(What this task involves): Show, from the records below, all lines that contain the word "subgrad".
:: Available data
(* Let $\mathcal{X}\subset\mathbb{R}^n$ be closed convex, $P$ a probability distribution on a sample space $\mathcal{S}$, and for each $s$ let $f(\cdot;s):\mathbb{R}^n\to\mathbb{R}$ be closed convex and subdifferentiable on $\mathcal{X}$; let $F(x)=\mathbb{E}_P[f(x;S)]$ and $\mathcal{X}^\star=\arg\min_{x\in\mathcal{X}}F(x)$. Assume $F$ is easy to optimize: for each $x^\star\in\mathcal{X}^\star$ and $P$-almost all $s$, $\inf_{x\in\mathcal{X}}f(x;s)=f(x^\star;s)$. Suppose models $f_x(\cdot;s)$ ($x\in\mathcal{X}$, $s\in\mathcal{S}$) satisfy (C.i) $y\mapsto f_x(y;s)$ is convex and subdifferentiable on $\mathcal{X}$; (C.ii) $f_x(x;s)=f(x;s)$ and $f_x(y;s)\le f(y;s)$ for all $y$; (C.iii) $f_x(y;s)\ge\inf_{z\in\mathcal{X}}f(z;s)$ for all $y$ and all $s$. Let $x_1\in\mathcal{X}$, $\alpha_k>0$, $S_1,S_2,\ldots$ i.i.d. $\sim P$, and $x_{k+1}=\arg\min_{x\in\mathcal{X}}\{f_{x_k}(x;S_k)+\frac{1}{2\alpha_k}\|x-x_k\|_2^2\}$. Then for any $x^\star\in\mathcal{X}^\star$, $$\tfrac12\|x_{k+1}-x^\star\|_2^2\le\tfrac12\|x_k-x^\star\|_2^2-\tfrac12[f(x_k;S_k)-f(x^\star;S_k)]\min\left\{\alpha_k,\frac{f(x_k;S_k)-f(x^\star;S_k)}{\|f'(x_k;S_k)\|_2^2}\right\}.$$
   Context: $f'(x_k;S_k)$ denotes an element of the subdifferential $\partial f(x_k;S_k)$. When $f(x_k;S_k)=f(x^\star;S_k)$ the subtracted term is $0$. *)

theory Defs
  imports "HOL-Probability.Probability"
begin

definition subdifferential :: "(real^'n \<Rightarrow> real) \<Rightarrow> real^'n \<Rightarrow> (real^'n) set" where
  "subdifferential h x = {g. \<forall>y. h y \<ge> h x + g \<bullet> (y - x)}"

definition subdifferentiable_on :: "(real^'n \<Rightarrow> real) \<Rightarrow> (real^'n) set \<Rightarrow> bool" where
  "subdifferentiable_on h X \<longleftrightarrow> (\<forall>x\<in>X. subdifferential h x \<noteq> {})"

definition pop_obj :: "'s measure \<Rightarrow> (real^'n \<Rightarrow> 's \<Rightarrow> real) \<Rightarrow> real^'n \<Rightarrow> real" where
  "pop_obj P f x = (\<integral>s. f x s \<partial>P)"

definition sol_set :: "'s measure \<Rightarrow> (real^'n \<Rightarrow> 's \<Rightarrow> real) \<Rightarrow> (real^'n) set \<Rightarrow> (real^'n) set" where
  "sol_set P f X = {xs \<in> X. \<forall>x\<in>X. pop_obj P f xs \<le> pop_obj P f x}"

end

theory Submission
  imports Defs
begin

text \<open>Write a = x_k, b = x_{k+1} and h for the model at a. Since b minimises the convex function
  h + |. - a|^2 / (2 alpha) over X, it satisfies the three-point inequality
  h b + |b - a|^2 / (2 alpha) + |x* - b|^2 / (2 alpha) <= h x* + |x* - a|^2 / (2 alpha).
  The model lies below f, and by easy optimisation f(x*; s) is the minimum of f(.; s), which by (C.iii)
  is also below h b. Linearising h b >= f a + g . (b - a) and expanding |(b - a) + m g|^2 >= 0 for
  m = min {alpha, (f a - f x*) / |g|^2} turns the gain h b - f x* into the claimed decrease.\<close>

lemma power2_norm_add:
  fixes u v :: "'a::real_inner"
  shows "(norm (u + v))\<^sup>2 = (norm u)\<^sup>2 + 2 * (u \<bullet> v) + (norm v)\<^sup>2"
  by (simp add: power2_norm_eq_inner inner_add_left inner_add_right inner_commute)

lemma nonpos_if_linear_le_quadratic:
  fixes d K :: real
  assumes le: "\<And>t. 0 < t \<Longrightarrow> t \<le> 1 \<Longrightarrow> t * d \<le> K * t\<^sup>2"
  shows "d \<le> 0"
proof (rule ccontr)
  assume "\<not> d \<le> 0"
  define t where "t = min 1 (d / (2 * \<bar>K\<bar> + 1))"
  have t: "0 < t" "t \<le> 1" using \<open>\<not> d \<le> 0\<close> by (auto simp: t_def)
  have "t * d \<le> t * (K * t)" using le[OF t] by (simp add: power2_eq_square mult.assoc mult.left_commute)
  then have "d \<le> K * t" using t by simp
  also have "\<dots> \<le> \<bar>K\<bar> * t" using t by (simp add: mult_right_mono)
  also have "\<dots> \<le> \<bar>K\<bar> * (d / (2 * \<bar>K\<bar> + 1))" unfolding t_def by (intro mult_left_mono) auto
  also have "\<dots> < d" using \<open>\<not> d \<le> 0\<close> by (simp add: field_simps add_pos_nonneg)
  finally show False by simp
qed

lemma prox_variational_inequality:
  fixes \<phi> :: "'a::real_inner \<Rightarrow> real"
  assumes cvx: "convex_on X \<phi>" and "convex X" and bX: "b \<in> X" and yX: "y \<in> X"
    and opt: "\<forall>z\<in>X. \<phi> b + c * (norm (b - a))\<^sup>2 \<le> \<phi> z + c * (norm (z - a))\<^sup>2"
  shows "\<phi> b \<le> \<phi> y + 2 * c * ((y - b) \<bullet> (b - a))"
proof -
  \<comment> \<open>Compare b with the points of the segment towards y: the gain is linear in the step t,
    the loss only quadratic.\<close>
  define p where "p = (y - b) \<bullet> (b - a)"
  define N where "N = (norm (y - b))\<^sup>2"
  have "t * (\<phi> b - \<phi> y - 2 * c * p) \<le> (c * N) * t\<^sup>2" if t: "0 < t" "t \<le> 1" for t
  proof -
    define z where "z = (1 - t) *\<^sub>R b + t *\<^sub>R y"
    have zX: "z \<in> X" using \<open>convex X\<close> bX yX t unfolding z_def by (simp add: convex_def)
    have za: "z - a = (b - a) + t *\<^sub>R (y - b)" unfolding z_def by (simp add: algebra_simps)
    have "\<phi> b + c * (norm (b - a))\<^sup>2 \<le> \<phi> z + c * (norm (z - a))\<^sup>2" using opt zX by blast
    also have "\<phi> z \<le> (1 - t) * \<phi> b + t * \<phi> y"
      using convex_onD[OF cvx, of t b y] t bX yX unfolding z_def by simp
    also have "(norm (z - a))\<^sup>2 = (norm (b - a))\<^sup>2 + 2 * t * p + t\<^sup>2 * N"
      unfolding za power2_norm_add p_def N_def by (simp add: power_mult_distrib inner_commute)
    finally show ?thesis by (simp add: algebra_simps)
  qed
  then have "\<phi> b - \<phi> y - 2 * c * p \<le> 0" by (rule nonpos_if_linear_le_quadratic)
  then show ?thesis unfolding p_def by simp
qed

lemma prox_three_point:
  fixes \<phi> :: "'a::real_inner \<Rightarrow> real"
  assumes "convex_on X \<phi>" and "convex X" and "b \<in> X" and "y \<in> X"
    and "\<forall>z\<in>X. \<phi> b + c * (norm (b - a))\<^sup>2 \<le> \<phi> z + c * (norm (z - a))\<^sup>2"
  shows "\<phi> b + c * (norm (b - a))\<^sup>2 + c * (norm (y - b))\<^sup>2 \<le> \<phi> y + c * (norm (y - a))\<^sup>2"
proof -
  have "(norm (y - a))\<^sup>2 = (norm (y - b))\<^sup>2 + 2 * ((y - b) \<bullet> (b - a)) + (norm (b - a))\<^sup>2"
    using power2_norm_add[of "y - b" "b - a"] by simp
  then have "c * (norm (y - a))\<^sup>2 = c * (norm (y - b))\<^sup>2 + 2 * c * ((y - b) \<bullet> (b - a)) + c * (norm (b - a))\<^sup>2"
    by (simp only: ring_distribs mult.assoc)
  with prox_variational_inequality[OF assms] show ?thesis by linarith
qed

lemma gap_mult_min_step_le:
  fixes g u :: "'a::real_inner"
  assumes "\<alpha> > 0" and "v \<le> ha" and "v \<le> hb" and lin: "ha + g \<bullet> u \<le> hb"
  shows "(ha - v) * min \<alpha> ((ha - v) / (norm g)\<^sup>2) \<le> 2 * \<alpha> * (hb - v) + (norm u)\<^sup>2"
proof -
  define m where "m = min \<alpha> ((ha - v) / (norm g)\<^sup>2)"
  have "0 \<le> m" and "m \<le> \<alpha>" using assms by (auto simp: m_def)
  have "m * (norm g)\<^sup>2 \<le> ha - v"
  proof (cases "g = 0")
    case False
    then have "m \<le> (ha - v) / (norm g)\<^sup>2" by (simp add: m_def)
    with False show ?thesis by (simp add: pos_le_divide_eq)
  qed (use assms in simp)
  have "0 \<le> (norm (u + m *\<^sub>R g))\<^sup>2" by simp
  also have "\<dots> = (norm u)\<^sup>2 + 2 * m * (g \<bullet> u) + m * (m * (norm g)\<^sup>2)"
    unfolding power2_norm_add by (simp add: power_mult_distrib inner_commute power2_eq_square)
  also have "\<dots> \<le> (norm u)\<^sup>2 + 2 * m * (hb - ha) + m * (ha - v)"
    using \<open>0 \<le> m\<close> \<open>m * (norm g)\<^sup>2 \<le> ha - v\<close> lin
    by (intro add_mono mult_left_mono) auto
  finally have "m * (ha - v) \<le> 2 * m * (hb - v) + (norm u)\<^sup>2" by (simp add: algebra_simps)
  also have "\<dots> \<le> 2 * \<alpha> * (hb - v) + (norm u)\<^sup>2"
    using \<open>m \<le> \<alpha>\<close> \<open>v \<le> hb\<close> by (simp add: mult_right_mono)
  finally show ?thesis by (simp add: m_def mult.commute)
qed

lemma prox_step_sq_dist_le:
  fixes h :: "'a::real_inner \<Rightarrow> real"
  assumes "convex_on X h" and "convex X" and "\<alpha> > 0" and "b \<in> X" and "xs \<in> X"
    and prox: "\<forall>y\<in>X. h b + (1 / (2 * \<alpha>)) * (norm (b - a))\<^sup>2 \<le> h y + (1 / (2 * \<alpha>)) * (norm (y - a))\<^sup>2"
    and subgrad: "h a + g \<bullet> (b - a) \<le> h b"
    and "h xs \<le> v" and "v \<le> h a" and "v \<le> h b"
  shows "(1/2) * (norm (b - xs))\<^sup>2
      \<le> (1/2) * (norm (a - xs))\<^sup>2 - (1/2) * (h a - v) * min \<alpha> ((h a - v) / (norm g)\<^sup>2)"
proof -
  have "h b + (1 / (2 * \<alpha>)) * (norm (b - a))\<^sup>2 + (1 / (2 * \<alpha>)) * (norm (xs - b))\<^sup>2
      \<le> v + (1 / (2 * \<alpha>)) * (norm (xs - a))\<^sup>2"
    using prox_three_point[OF assms(1,2,4,5) prox] \<open>h xs \<le> v\<close> by linarith
  from mult_left_mono[OF this, of "2 * \<alpha>"]
  have "2 * \<alpha> * (h b - v) + (norm (b - a))\<^sup>2 + (norm (b - xs))\<^sup>2 \<le> (norm (a - xs))\<^sup>2"
    using \<open>\<alpha> > 0\<close> by (simp add: ring_distribs norm_minus_commute)
  moreover have "(h a - v) * min \<alpha> ((h a - v) / (norm g)\<^sup>2) \<le> 2 * \<alpha> * (h b - v) + (norm (b - a))\<^sup>2"
    using gap_mult_min_step_le[OF \<open>\<alpha> > 0\<close> \<open>v \<le> h a\<close> \<open>v \<le> h b\<close> subgrad] .
  ultimately show ?thesis by linarith
qed

lemma model_prox_step_sq_dist_le:
  fixes h f :: "real^'n \<Rightarrow> real"
  assumes "convex_on X h" and "convex X" and "\<alpha> > 0" and "a \<in> X" and "b \<in> X" and "xs \<in> X"
    and prox: "\<forall>y\<in>X. h b + (1 / (2 * \<alpha>)) * (norm (b - a))\<^sup>2 \<le> h y + (1 / (2 * \<alpha>)) * (norm (y - a))\<^sup>2"
    and "g \<in> subdifferential h a"
    and "h a = f a" and "h xs \<le> f xs"
    and opt_value: "(INF z\<in>X. ereal (f z)) = ereal (f xs)"
    and model_lower: "(INF z\<in>X. ereal (f z)) \<le> ereal (h b)"
  shows "(1/2) * (norm (b - xs))\<^sup>2
      \<le> (1/2) * (norm (a - xs))\<^sup>2 - (1/2) * (f a - f xs) * min \<alpha> ((f a - f xs) / (norm g)\<^sup>2)"
proof -
  have "f xs \<le> f a" using INF_lower[OF \<open>a \<in> X\<close>, of "\<lambda>z. ereal (f z)"] opt_value by simp
  moreover have "f xs \<le> h b" using model_lower opt_value by simp
  moreover have "h a + g \<bullet> (b - a) \<le> h b" using \<open>g \<in> subdifferential h a\<close> by (simp add: subdifferential_def)
  ultimately show ?thesis
    using prox_step_sq_dist_le[OF assms(1,2,3,5,6) prox] \<open>h a = f a\<close> \<open>h xs \<le> f xs\<close> by simp
qed

lemma AE_comp_of_distr_eq:
  assumes "Y \<in> measurable M N" and "distr M N Y = N" and "AE s in N. Q s"
  shows "AE \<omega> in M. Q (Y \<omega>)"
  using assms by (metis AE_distrD)

theorem lemma5:
  fixes X :: "(real^'n) set"
    and P :: "'s measure"
    and f :: "real^'n \<Rightarrow> 's \<Rightarrow> real"
    and mdl :: "real^'n \<Rightarrow> real^'n \<Rightarrow> 's \<Rightarrow> real"
    and M :: "'w measure"
    and S :: "nat \<Rightarrow> 'w \<Rightarrow> 's"
    and \<alpha> :: "nat \<Rightarrow> real"
    and x :: "nat \<Rightarrow> 'w \<Rightarrow> real^'n"
    and g :: "nat \<Rightarrow> 'w \<Rightarrow> real^'n"
    and xs :: "real^'n"
  assumes X_closed: "closed X" and X_convex: "convex X"
    and P_prob: "prob_space P"
    and f_convex: "\<forall>s\<in>space P. convex_on UNIV (\<lambda>y. f y s)"
    and f_subdiff: "\<forall>s\<in>space P. subdifferentiable_on (\<lambda>y. f y s) X"
    and easy: "\<forall>xs'\<in>sol_set P f X. AE s in P. (INF z\<in>X. ereal (f z s)) = ereal (f xs' s)"
    and C_i: "\<forall>x0\<in>X. \<forall>s\<in>space P. convex_on X (\<lambda>y. mdl x0 y s) \<and> subdifferentiable_on (\<lambda>y. mdl x0 y s) X"
    and C_ii: "\<forall>x0\<in>X. \<forall>s\<in>space P. mdl x0 x0 s = f x0 s \<and> (\<forall>y. mdl x0 y s \<le> f y s)"
    and C_iii: "\<forall>x0\<in>X. \<forall>s\<in>space P. \<forall>y. (INF z\<in>X. ereal (f z s)) \<le> ereal (mdl x0 y s)"
    and M_prob: "prob_space M"
    and S_meas: "\<forall>k. S k \<in> measurable M P"
    and S_distr: "\<forall>k. distr M P (S k) = P"
    and S_indep: "prob_space.indep_vars M (\<lambda>_. P) S UNIV"
    and x1: "\<forall>\<omega>\<in>space M. x 1 \<omega> \<in> X"
    and \<alpha>_pos: "\<forall>k\<ge>1. \<alpha> k > 0"
    and x_step: "\<forall>k\<ge>1. \<forall>\<omega>\<in>space M. x (k+1) \<omega> \<in> X \<and>
        (\<forall>y\<in>X. mdl (x k \<omega>) (x (k+1) \<omega>) (S k \<omega>) + (1 / (2 * \<alpha> k)) * (norm (x (k+1) \<omega> - x k \<omega>))\<^sup>2
               \<le> mdl (x k \<omega>) y (S k \<omega>) + (1 / (2 * \<alpha> k)) * (norm (y - x k \<omega>))\<^sup>2)"
    and g_sub: "\<forall>k\<ge>1. \<forall>\<omega>\<in>space M. g k \<omega> \<in> subdifferential (\<lambda>y. f y (S k \<omega>)) (x k \<omega>)
        \<and> g k \<omega> \<in> subdifferential (\<lambda>y. mdl (x k \<omega>) y (S k \<omega>)) (x k \<omega>)"
    and xs_opt: "xs \<in> sol_set P f X"
  shows "AE \<omega> in M. \<forall>k\<ge>1.
      (1/2) * (norm (x (k+1) \<omega> - xs))\<^sup>2
        \<le> (1/2) * (norm (x k \<omega> - xs))\<^sup>2
           - (1/2) * (f (x k \<omega>) (S k \<omega>) - f xs (S k \<omega>))
             * min (\<alpha> k) ((f (x k \<omega>) (S k \<omega>) - f xs (S k \<omega>)) / (norm (g k \<omega>))\<^sup>2)"
proof -
  have xX: "x k \<omega> \<in> X" if "k \<ge> 1" "\<omega> \<in> space M" for k \<omega>
    using that x1 x_step[rule_format, of "k - 1" \<omega>] by (cases "k = 1") auto
  have xsX: "xs \<in> X" using xs_opt by (simp add: sol_set_def)
  have "AE \<omega> in M. (INF z\<in>X. ereal (f z (S k \<omega>))) = ereal (f xs (S k \<omega>))" for k
    using AE_comp_of_distr_eq S_meas S_distr easy xs_opt by blast
  then have "AE \<omega> in M. \<forall>k. (INF z\<in>X. ereal (f z (S k \<omega>))) = ereal (f xs (S k \<omega>))"
    by (simp add: AE_all_countable)
  with AE_space show ?thesis
  proof eventually_elim
    case (elim \<omega>)
    show ?case
    proof (intro allI impI)
      fix k :: nat
      assume "k \<ge> 1"
      have aX: "x k \<omega> \<in> X" using xX \<open>k \<ge> 1\<close> elim(1) by simp
      have sP: "S k \<omega> \<in> space P" using measurable_space[OF S_meas[rule_format] elim(1)] .
      from x_step g_sub \<alpha>_pos C_i C_ii C_iii aX sP \<open>k \<ge> 1\<close> elim xsX X_convex
      show "(1/2) * (norm (x (k+1) \<omega> - xs))\<^sup>2
        \<le> (1/2) * (norm (x k \<omega> - xs))\<^sup>2
           - (1/2) * (f (x k \<omega>) (S k \<omega>) - f xs (S k \<omega>))
             * min (\<alpha> k) ((f (x k \<omega>) (S k \<omega>) - f xs (S k \<omega>)) / (norm (g k \<omega>))\<^sup>2)"
        by (intro model_prox_step_sq_dist_le[where h = "\<lambda>y. mdl (x k \<omega>) y (S k \<omega>)"]) auto
    qed
  qed
qed

end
::::
(Answer to this task):
    and subgrad: "h a + g \<bullet> (b - a) \<le> h b"
    using gap_mult_min_step_le[OF \<open>\<alpha> > 0\<close> \<open>v \<le> h a\<close> \<open>v \<le> h b\<close> subgrad] .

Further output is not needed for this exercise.